What Happened
Brazilian President Jair Bolsonaro arrived March 17 in Washington for a three-day visit. Discussions between the White House and Brazil's new government over ways to address Brazil's dependence on China as an agricultural export market and its role as a destination for Chinese foreign direct investment add significance to the visit. About 27 percent of all Brazilian exports — mostly agricultural products and mineral resources — are sent to China. Some U.S. foreign policy advisers, such as Steve Bannon, former chief strategist for U.S. President Donald Trump, apparently perceive a strategic vulnerability for Brazil in its dependence on China as an agricultural export market. Brazilian Foreign Minister Ernesto Araujo has echoed similar views, in the past criticizing Brazil's dependence on iron ore exports to China. Bolsonaro, for his part, previously criticized Chinese investments in Brazil's mineral resources and its electricity sector as giving Beijing too much influence over the South American country.
What This Visit Means
Brazil's new government clearly is exploring a more ideologically motivated trade policy to reduce opportunities for Chinese economic expansion in the Americas. This policy is likely motivated as much by Bolsonaro's ideological proximity to the Trump administration — which shares similar views on slowing China's economic rise — as it is by economics. No concrete measures have been announced in support of this aim, but the governments of Brazil and the United States will likely explore possible limits on Chinese investment in Brazil. And both Brasilia and Washington are exploring the feasibility of a U.S.-Brazilian free trade agreement that could provide an alternative market for Brazilian goods.
But the limits on enacting a bilateral trade deal between Brazil and the United States will rein in the Bolsonaro administration's ability to address what it perceives as overdependence on China. For one, the U.S. market cannot absorb enough Brazilian agricultural exports to substitute for the Chinese market. Bolsonaro would also have to contend with internal pressure to push a U.S. trade deal through. Pressure from the potent Brazilian agricultural lobby is likely why the Brazilian government is currently exploring ways to increase beef exports to China. Those agricultural interests — which hold 27 percent of the seats in Brazil's lower house — could eventually make or break any anti-China legislative measures Bolsonaro might offer.
In recent months, discussions in both countries have grown around the possibility of an eventual Brazilian-U.S. free trade agreement. The Bolsonaro administration appears to be seriously analyzing the prospects for such a deal. But Brazil can't actually begin such negotiations unless it can modify the charter of the Common Market of the South. The customs union, also known as Mercosur, forbids its members from individually negotiating free trade agreements. The other obstacles to a successful bilateral trade negotiation will be Brazil's agricultural and industrial sectors, which are vulnerable to foreign competition.

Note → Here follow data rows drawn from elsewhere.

text \<open>Points of C^n are encoded as functions x :: nat => complex supported on {1..n}:
  x j = y_j for 1 <= j <= n-1, and x n = q; x k = 0 for k = 0 and k > n.
  The topology is the product topology on nat => complex, whose restriction to
  this n-dimensional coordinate subspace (a closed set) is the Euclidean topology of C^n.\<close>

definition cn_points :: "nat \<Rightarrow> (nat \<Rightarrow> complex) set" where
  "cn_points n = {x. \<forall>k. (k = 0 \<or> k > n) \<longrightarrow> x k = 0}"

definition G_tilde :: "nat \<Rightarrow> (nat \<Rightarrow> complex) set" where
  "G_tilde n = {x \<in> cn_points n. norm (x n) < 1 \<and>
      (\<exists>\<beta> :: nat \<Rightarrow> complex. \<forall>j \<in> {1..n-1}.
          x j = \<beta> j + cnj (\<beta> (n - j)) * x n \<and>
          norm (\<beta> j) + norm (\<beta> (n - j)) < real (n choose j))}"

definition Gamma_tilde :: "nat \<Rightarrow> (nat \<Rightarrow> complex) set" where
  "Gamma_tilde n = closure (G_tilde n)"

definition cn_origin :: "nat \<Rightarrow> complex" where
  "cn_origin = (\<lambda>k. 0)"

definition starlike_about :: "(nat \<Rightarrow> complex) set \<Rightarrow> (nat \<Rightarrow> complex) \<Rightarrow> bool" where
  "starlike_about S z0 \<longleftrightarrow> z0 \<in> S \<and>
     (\<forall>z \<in> S. \<forall>t::real. 0 \<le> t \<and> t \<le> 1 \<longrightarrow> (\<lambda>k. (1 - t) * z0 k + t * z k) \<in> S)"

definition circular :: "(nat \<Rightarrow> complex) set \<Rightarrow> bool" where
  "circular S \<longleftrightarrow> (\<forall>z \<in> S. \<forall>\<theta>::real. 0 \<le> \<theta> \<and> \<theta> < 2 * pi \<longrightarrow>
       (\<lambda>k. exp (\<i> * \<theta>) * z k) \<in> S)"

end

theory Submission imports Defs begin

text \<open>For fixed q in the disc, the pair of equations y_j = \<beta>_j + cnj \<beta>_(n-j) q,
  y_(n-j) = \<beta>_(n-j) + cnj \<beta>_j q has the unique solution
  \<beta>_j = (y_j - cnj y_(n-j) q) / (1 - |q|^2). Expressing the coefficients of t x in this way
  through those of x shows that |\<beta>_j| + |\<beta>_(n-j)| does not increase under x \<mapsto> t x for
  0 \<le> t \<le> 1. So both sets are closed under these contractions, which makes them starlike
  about 0 and contracts every loop in the open set to the origin. On the other hand
  y_1 - cnj y_(n-1) q = \<beta>_1 (1 - |q|^2) has modulus at most n (1 - |q|^2) on the closure,
  and this bound fails for -x at a suitable point x with q = 3/4, so the rotation by \<pi>
  leaves both sets.\<close>

definition solve_coeff :: "complex \<Rightarrow> complex \<Rightarrow> complex \<Rightarrow> complex" where
  "solve_coeff a b q = (a - cnj b * q) / of_real (1 - cmod q ^ 2)"

lemma solve_coeff_eq:
  assumes "cmod q < 1"
  shows "a = solve_coeff a b q + cnj (solve_coeff b a q) * q"
proof -
  have "cmod q ^ 2 < 1"
    using assms by (simp add: power_less_one_iff)
  then have D: "complex_of_real (1 - cmod q ^ 2) \<noteq> 0"
    by (simp only: of_real_eq_0_iff)
  have "solve_coeff a b q + cnj (solve_coeff b a q) * q
      = ((a - cnj b * q) + (cnj b - a * cnj q) * q) / of_real (1 - cmod q ^ 2)"
    by (simp add: solve_coeff_def add_divide_distrib)
  also have "(a - cnj b * q) + (cnj b - a * cnj q) * q = a * of_real (1 - cmod q ^ 2)"
    by (simp add: algebra_simps) (metis complex_norm_square of_real_power)
  finally show ?thesis unfolding nonzero_mult_div_cancel_right[OF D] by (rule sym)
qed

lemma scaled_coeff_numerator_eq:
  fixes u v q :: complex and t :: real
  shows "of_real t * (u + cnj v * q) - cnj (of_real t * (v + cnj u * q)) * (of_real t * q)
      = of_real (t * (1 - t * cmod q ^ 2)) * u + of_real (t * (1 - t)) * (cnj v * q)"
proof -
  have "q * cnj q = of_real (cmod q ^ 2)" "cnj q * q = of_real (cmod q ^ 2)"
    by (metis complex_norm_square, metis complex_norm_square mult.commute)
  then show ?thesis by (simp add: algebra_simps)
qed

lemma norm_solve_coeff_scaled_le:
  fixes u v q :: complex and t :: real
  assumes q: "cmod q < 1" and t: "0 \<le> t" "t \<le> 1"
  defines "a \<equiv> of_real t * (u + cnj v * q)" and "b \<equiv> of_real t * (v + cnj u * q)"
  shows "cmod (solve_coeff a b (of_real t * q)) + cmod (solve_coeff b a (of_real t * q))
      \<le> cmod u + cmod v"
proof -
  define r where "r = cmod q"
  have r: "0 \<le> r" "r < 1" using q by (auto simp: r_def)
  have coeff1_nonneg: "0 \<le> t * (1 - t * r\<^sup>2)"
    using t r by (simp add: mult_le_one power_le_one)
  have coeff2_nonneg: "0 \<le> t * (1 - t)" using t by simp
  have numerator_le: "cmod (of_real (t * (1 - t * r\<^sup>2)) * w + of_real (t * (1 - t)) * (cnj w' * q))
      \<le> t * (1 - t * r\<^sup>2) * cmod w + t * (1 - t) * r * cmod w'" for w w'
  proof -
    have "cmod (of_real (t * (1 - t * r\<^sup>2)) * w) = t * (1 - t * r\<^sup>2) * cmod w"
      "cmod (of_real (t * (1 - t)) * (cnj w' * q)) = t * (1 - t) * r * cmod w'"
      using coeff1_nonneg coeff2_nonneg by (simp_all only: norm_mult norm_of_real complex_mod_cnj abs_of_nonneg r_def mult_ac)
    then show ?thesis by (metis norm_triangle_ineq)
  qed
  define D where "D = 1 - t\<^sup>2 * r\<^sup>2"
  have D_eq: "1 - cmod (of_real t * q) ^ 2 = D"
    using t by (simp add: D_def r_def norm_mult power_mult_distrib)
  have "t * r < 1" using mult_left_le_one_le[of r t] r t by linarith
  then have D_pos: "0 < D"
    using t r by (simp add: D_def power_mult_distrib[symmetric] power_less_one_iff)
  \<comment> \<open>the two numerators together are at most t (1 - t r^2 + (1 - t) r) (|u| + |v|) \<le> D (|u| + |v|)\<close>
  have factor_le: "t * (1 - t * r\<^sup>2) + t * (1 - t) * r \<le> D"
  proof -
    have "D - (t * (1 - t * r\<^sup>2) + t * (1 - t) * r) = (1 - t) * (1 - t * r)"
      by (simp add: D_def algebra_simps power2_eq_square)
    moreover have "0 \<le> (1 - t) * (1 - t * r)" using t r by (simp add: mult_le_one)
    ultimately show ?thesis by simp
  qed
  have "cmod (a - cnj b * (of_real t * q)) + cmod (b - cnj a * (of_real t * q))
      \<le> (t * (1 - t * r\<^sup>2) + t * (1 - t) * r) * (cmod u + cmod v)"
    using numerator_le[of u v] numerator_le[of v u]
    unfolding a_def b_def scaled_coeff_numerator_eq r_def by (simp add: algebra_simps)
  also have "\<dots> \<le> D * (cmod u + cmod v)"
    using factor_le by (simp add: mult_right_mono)
  finally show ?thesis
    unfolding solve_coeff_def norm_divide D_eq norm_of_real abs_of_pos[OF D_pos]
      add_divide_distrib[symmetric] pos_divide_le_eq[OF D_pos]
    by (simp only: mult.commute)
qed

definition scaling_closed :: "(nat \<Rightarrow> complex) set \<Rightarrow> bool" where
  "scaling_closed S \<longleftrightarrow> (\<forall>x \<in> S. \<forall>t::real. 0 \<le> t \<and> t \<le> 1 \<longrightarrow> (\<lambda>k. of_real t * x k) \<in> S)"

Bolsonaro is a relatively weak president in terms of his relationship with the National Congress. Moving toward a free trade policy that would threaten to undermine agricultural and industrial conglomerates would set off alarm bells among Brazil's private sector. Business interests could then use their influence with lawmakers to pressure the president to relent on his push to upend the country's trade relationships.
Background
Bolsonaro came to power promising to safeguard Brazilian economic interests by drawing Brazil closer to the United States politically and economically. To do so, he intends to amend customs union legislation to allow Brazil to sign a trade deal with the United States. He also will move to more closely partner with the United States in resisting Chinese economic advances.